Now, another five months have passed, and I use ChatGPT every single day, on a wide variety of tasks. Bret asked me to run a query regarding advice on negotiating for a handpan, which is a relatively new, fascinating instrument that he plays. I provide ingredients to ChatGPT, and it creates recipes. I used it for a cranberry sauce recipe. I’ve used it to do translations, so helping with checking Spanish translations, understanding Greek words, ask health questions to it.
Mostly I’ve been using it in finance. We’re releasing a video this week where the formula is the Merton share, which is a formula for figuring out how much to allocate to riskier assets. We discussed that in a podcast episode last month. But it’s easier just to have ChatGPT put the formula there because it’s already formatted, and use that in the video.
We’ve used it for podcast outlines, or clarifications; help with creating titles. We’ve gone back and forth in discussions, fairly complex discussions on the underlying math of bonds, and fixed income, including duration, yield to maturity, convexity. We’ve used it to write ad copy. Some of our sponsors sometimes want us to write the copy, and we’ll interact with ChatGPT to create the copy.
We’ve used the DALL-E version by OpenAI, which creates images, to do YouTube thumbnails.
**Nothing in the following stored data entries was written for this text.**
lemma range_A_A_form_eq_0:
  assumes "z \<in> range A" and "A z \<bullet> z = 0"
  shows "z = 0"
proof -
  have "(A z \<bullet> A z)\<^sup>2 \<le> 0"
    using A_form_Cauchy_Schwarz[of z "A z"] assms(2) by simp
  then have "A z = 0" by simp
  obtain w where "z = A w" using assms(1) by blast
  then have "z \<bullet> z = w \<bullet> A z" by (simp add: A_selfadjoint)
  with \<open>A z = 0\<close> show ?thesis by simp
qed

definition landweber_step :: "real \<Rightarrow> 'a \<Rightarrow> 'a" where
  "landweber_step c z = z - (1 / c) *\<^sub>R A z"

lemma landweber_step_decrease:
  assumes "onorm A < c"
  shows "A z \<bullet> z \<le> c * ((norm z)\<^sup>2 - (norm (landweber_step c z))\<^sup>2)"
proof -
  have "c > 0" using assms onorm_pos_le[OF bounded_linear_A] by linarith
  have "(norm (landweber_step c z))\<^sup>2 = (norm z)\<^sup>2 - 2 / c * (A z \<bullet> z) + (norm (A z))\<^sup>2 / c\<^sup>2"
    unfolding landweber_step_def power2_norm_eq_inner
    by (simp add: inner_diff_left inner_diff_right inner_commute[of z "A z"]
        power2_eq_square algebra_simps)
  then have "c * ((norm z)\<^sup>2 - (norm (landweber_step c z))\<^sup>2) = 2 * (A z \<bullet> z) - (norm (A z))\<^sup>2 / c"
    using \<open>c > 0\<close> by (simp add: field_simps power2_eq_square)
  moreover have "(norm (A z))\<^sup>2 \<le> c * (A z \<bullet> z)"
    using norm_A_power2_le[of z] mult_right_mono[OF less_imp_le[OF assms] A_form_nonneg[of z]]
    by linarith
  then have "(norm (A z))\<^sup>2 / c \<le> A z \<bullet> z"
    using \<open>c > 0\<close> by (simp add: divide_le_eq mult.commute)
  ultimately show ?thesis by simp
qed

lemma landweber_residual_in_range: "x - (landweber_step c ^^ n) x \<in> range A"
proof (induction n)
  case 0
  show ?case by (auto intro: range_eqI[of _ _ 0])
next
  case (Suc n)
  then obtain w where "x - (landweber_step c ^^ n) x = A w" by blast
  then have "x - (landweber_step c ^^ Suc n) x = A (w + (1 / c) *\<^sub>R (landweber_step c ^^ n) x)"
    by (simp add: landweber_step_def algebra_simps)
  then show ?case by blast
qed

lemma landweber_A_form_sum_le:
  assumes "onorm A < c"
  shows "(\<Sum>k<n. A ((landweber_step c ^^ k) x) \<bullet> (landweber_step c ^^ k) x)
    \<le> c * ((norm x)\<^sup>2 - (norm ((landweber_step c ^^ n) x))\<^sup>2)"
proof (induction n)
  case (Suc n)
  then show ?case
    using landweber_step_decrease[OF assms, of "(landweber_step c ^^ n) x"]
    by (simp add: algebra_simps)
qed simp

text \<open>The residuals of the Landweber iteration for the equation A w = x have summable
  A-seminorms squared, so some residual is A-small although x need not lie in the closure of R(A).\<close>

lemma range_A_dense_in_A_norm:
  assumes "d > 0"
  shows "\<exists>w. A_norm J A (x - A w) < d"
proof (rule ccontr)
  define c where "c = onorm A + 1"
  have "onorm A < c" by (simp add: c_def)
  assume "\<not> ?thesis"
  then have far: "d \<le> A_norm J A (x - A w)" for w
    by (simp add: not_less)
  have residual_large: "d\<^sup>2 \<le> A ((landweber_step c ^^ k) x) \<bullet> (landweber_step c ^^ k) x" for k
  proof -
    obtain w where "x - (landweber_step c ^^ k) x = A w"
      using landweber_residual_in_range by blast
    then have "(landweber_step c ^^ k) x = x - A w"
      by (simp add: algebra_simps)
    then have "d \<le> A_norm J A ((landweber_step c ^^ k) x)"
      using far[of w] by simp
    then show ?thesis
      using \<open>d > 0\<close> by (simp add: A_norm_power2[symmetric] power_mono)
  qed
  have "real n * d\<^sup>2 \<le> c * (norm x)\<^sup>2" for n
  proof -
    have "real n * d\<^sup>2 \<le> (\<Sum>k<n. A ((landweber_step c ^^ k) x) \<bullet> (landweber_step c ^^ k) x)"
      using sum_mono[of "{..<n}" "\<lambda>_. d\<^sup>2"] residual_large by simp
    also have "\<dots> \<le> c * ((norm x)\<^sup>2 - (norm ((landweber_step c ^^ n) x))\<^sup>2)"
      using landweber_A_form_sum_le[OF \<open>onorm A < c\<close>] .
    also have "\<dots> \<le> c * (norm x)\<^sup>2"
      using onorm_pos_le[OF bounded_linear_A] by (simp add: c_def)
    finally show ?thesis .
  qed
  moreover obtain n :: nat where "real n > c * (norm x)\<^sup>2 / d\<^sup>2"
    using reals_Archimedean2 by blast
  then have "c * (norm x)\<^sup>2 < real n * d\<^sup>2"
    using \<open>d > 0\<close> by (simp add: divide_less_eq)
  ultimately show False
    by (meson not_le)
qed

text \<open>Classical power trick: the A-Cauchy-Schwarz inequality gives
  (A(S^m x)\<cdot>S^m x)^2 \<le> (Ax\<cdot>x)(A(S^2m x)\<cdot>S^2m x), and iterating along m = 2^n compares the
  A-growth of S with its (exponential) norm growth.\<close>

lemma A_symmetric_funpow:
  assumes "\<And>x y. A (S x) \<bullet> y = A x \<bullet> S y"
  shows "A ((S ^^ m) x) \<bullet> y = A x \<bullet> (S ^^ m) y"
  by (induction m arbitrary: x y) (simp_all add: assms funpow_swap1)

lemma A_symmetric_funpow_square_le:
  assumes "\<And>x y. A (S x) \<bullet> y = A x \<bullet> S y"
  shows "(A ((S ^^ m) x) \<bullet> (S ^^ m) x)\<^sup>2 \<le> (A x \<bullet> x) * (A ((S ^^ (2 * m)) x) \<bullet> (S ^^ (2 * m)) x)"
proof -
  have "A ((S ^^ m) x) \<bullet> (S ^^ m) x = A x \<bullet> (S ^^ (2 * m)) x"
    by (simp add: A_symmetric_funpow[OF assms] mult_2 funpow_add)
  then show ?thesis
    using A_form_Cauchy_Schwarz[of x "(S ^^ (2 * m)) x"] by simp
qed

lemma A_form_funpow_le:
  fixes S :: "'a \<Rightarrow> 'a"
  assumes "\<And>x. norm (S x) \<le> K * norm x" and "0 \<le> K"
  shows "A ((S ^^ m) x) \<bullet> (S ^^ m) x \<le> onorm A * (norm x)\<^sup>2 * (K\<^sup>2) ^ m"
proof -
  have "A ((S ^^ m) x) \<bullet> (S ^^ m) x \<le> onorm A * (norm ((S ^^ m) x))\<^sup>2"
    by (rule A_form_le_onorm)
  also have "\<dots> \<le> onorm A * (K ^ m * norm x)\<^sup>2"
    using norm_funpow_le[OF assms] onorm_pos_le[OF bounded_linear_A]
    by (simp add: mult_left_mono power_mono)
  finally show ?thesis
    by (simp add: power_mult_distrib power_mult[symmetric] mult.commute mult.left_commute)
qed

lemma A_symmetric_A_bounded:
  assumes "bounded_linear S" and symmetric: "\<And>x y. A (S x) \<bullet> y = A x \<bullet> S y"
  shows "\<exists>L\<ge>0. \<forall>x. A (S x) \<bullet> S x \<le> L * (A x \<bullet> x)"
proof -
  obtain K where "K > 0" and K: "\<And>x. norm (S x) \<le> K * norm x"
    using bounded_linear.pos_bounded[OF assms(1)] by (metis mult.commute)
  have "A (S x) \<bullet> S x \<le> K\<^sup>2 * (A x \<bullet> x)" for x
  proof (cases "A x \<bullet> x = 0")
    case True
    then show ?thesis
      using A_symmetric_funpow_square_le[OF symmetric, of 1 x] by simp
  next
    case False
    then have "0 < A x \<bullet> x" using A_form_nonneg[of x] by simp
    define f where "f m = A ((S ^^ m) x) \<bullet> (S ^^ m) x / (A x \<bullet> x)" for m
    have "(f m)\<^sup>2 \<le> f (2 * m)" for m
      using A_symmetric_funpow_square_le[OF symmetric, of m x] \<open>0 < A x \<bullet> x\<close>
      by (simp add: f_def power_divide divide_le_eq power2_eq_square mult.commute)
    moreover have "0 \<le> f 1" by (simp add: f_def A_form_nonneg)
    ultimately have "f 1 ^ 2 ^ n \<le> f (2 ^ n)" for n by (rule power2_iterate_le)
    moreover have "f m \<le> onorm A * (norm x)\<^sup>2 / (A x \<bullet> x) * (K\<^sup>2) ^ m" for m
      using A_form_funpow_le[OF K, of m x] \<open>K > 0\<close> \<open>0 < A x \<bullet> x\<close>
      by (simp add: f_def divide_le_eq mult.commute mult.left_commute)
    ultimately have iterates_bounded:
      "f 1 ^ 2 ^ n \<le> onorm A * (norm x)\<^sup>2 / (A x \<bullet> x) * (K\<^sup>2) ^ 2 ^ n" for n
      by (meson order_trans)
    have "f 1 \<le> K\<^sup>2"
      using le_if_power2_iterates_bounded[OF _ iterates_bounded] \<open>K > 0\<close> by simp
    then show ?thesis
      using \<open>0 < A x \<bullet> x\<close> by (simp add: f_def divide_le_eq)
  qed
  then show ?thesis by (intro exI[of _ "K\<^sup>2"]) simp
qed

lemma B_A_obtain_adjoint:
  assumes "T \<in> B_A J A"
  obtains W where "bounded_linear T" "bounded_linear W" "\<And>x y. A (T x) \<bullet> y = A x \<bullet> W y"
proof -
  obtain W where "bounded_clinear_op J T" "bounded_clinear_op J W"
    and "\<And>x y. A_inner J A (T x) y = A_inner J A x (W y)"
    using assms unfolding B_A_def by blast
  then have "bounded_linear T" "bounded_linear W" "\<And>x y. A (T x) \<bullet> y = A x \<bullet> W y"
    by (simp_all add: bounded_clinear_op_def A_form_eq_Re)
  then show thesis by (rule that)
qed

lemma B_A_A_bounded:
  assumes "T \<in> B_A J A"
  shows "\<exists>C\<ge>0. \<forall>x. A_norm J A (T x) \<le> C * A_norm J A x"
proof -
  obtain W where T: "bounded_linear T" and W: "bounded_linear W"
    and adjoint: "\<And>x y. A (T x) \<bullet> y = A x \<bullet> W y"
    using B_A_obtain_adjoint[OF assms] by blast
  have symmetric: "A (W (T x)) \<bullet> y = A x \<bullet> W (T y)" for x y
  proof -
    have "A (W (T x)) \<bullet> y = A y \<bullet> W (T x)" by (rule A_form_commute)
    also have "\<dots> = A (T y) \<bullet> T x" by (simp add: adjoint)
    also have "\<dots> = A (T x) \<bullet> T y" by (rule A_form_commute)
    also have "\<dots> = A x \<bullet> W (T y)" by (rule adjoint)
    finally show ?thesis .
  qed
  obtain L where "L \<ge> 0" and L: "\<And>x. A (W (T x)) \<bullet> W (T x) \<le> L * (A x \<bullet> x)"
    using A_symmetric_A_bounded[OF bounded_linear_compose[OF W T] symmetric] by blast
  define C where "C = sqrt (sqrt L)"
  have "C \<ge> 0" using \<open>L \<ge> 0\<close> by (simp add: C_def)
  have C_square: "C * C = sqrt L"
    using \<open>L \<ge> 0\<close> by (simp add: C_def)
  have "A_norm J A (T x) \<le> C * A_norm J A x" for x
  proof -
    have "A_norm J A (W (T x)) \<le> sqrt (L * (A x \<bullet> x))"
      unfolding A_norm_eq using L[of x] by (rule real_sqrt_le_mono)
    then have WT: "A_norm J A (W (T x)) \<le> sqrt L * A_norm J A x"
      by (simp add: A_norm_eq real_sqrt_mult)
    have "(A_norm J A (T x))\<^sup>2 = A x \<bullet> W (T x)"
      by (simp add: A_norm_power2 adjoint)
    also have "\<dots> \<le> A_norm J A x * A_norm J A (W (T x))"
      by (rule A_form_le)
    also have "\<dots> \<le> A_norm J A x * (sqrt L * A_norm J A x)"
      by (rule mult_left_mono[OF WT A_norm_nonneg])
    also have "\<dots> = (C * A_norm J A x)\<^sup>2"
      by (simp only: power2_eq_square C_square[symmetric] ac_simps)
    finally show ?thesis
      using \<open>C \<ge> 0\<close> A_norm_nonneg by (meson mult_nonneg_nonneg power2_le_imp_le)
  qed
  then show ?thesis using \<open>C \<ge> 0\<close> by blast
qed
Not as successful at that. A little over the top, and DALL-E cannot spell whatsoever. We’ve used it to summarize books, and at this point, it’s my go-to source with any question I have on any topic, including history, economics, finance. But I don’t trust it completely, so I always verify. I would not trust my life to this bot.
David Weinberger in his book Everyday Chaos, in speaking of AI, said “We don’t use these technologies because they’re huge, connected, and complex. We use them because they work.” And that’s why I use ChatGPT every day and pay for a Plus subscription for it. I think it’s $20 a month.
Back a year ago, a lot of the discussion regarding ChatGPT was “Well, is this humanlike? Can we trip it up to make it do crazy things?” And now a year has passed and I’m using it as a research tool, to help me become more productive.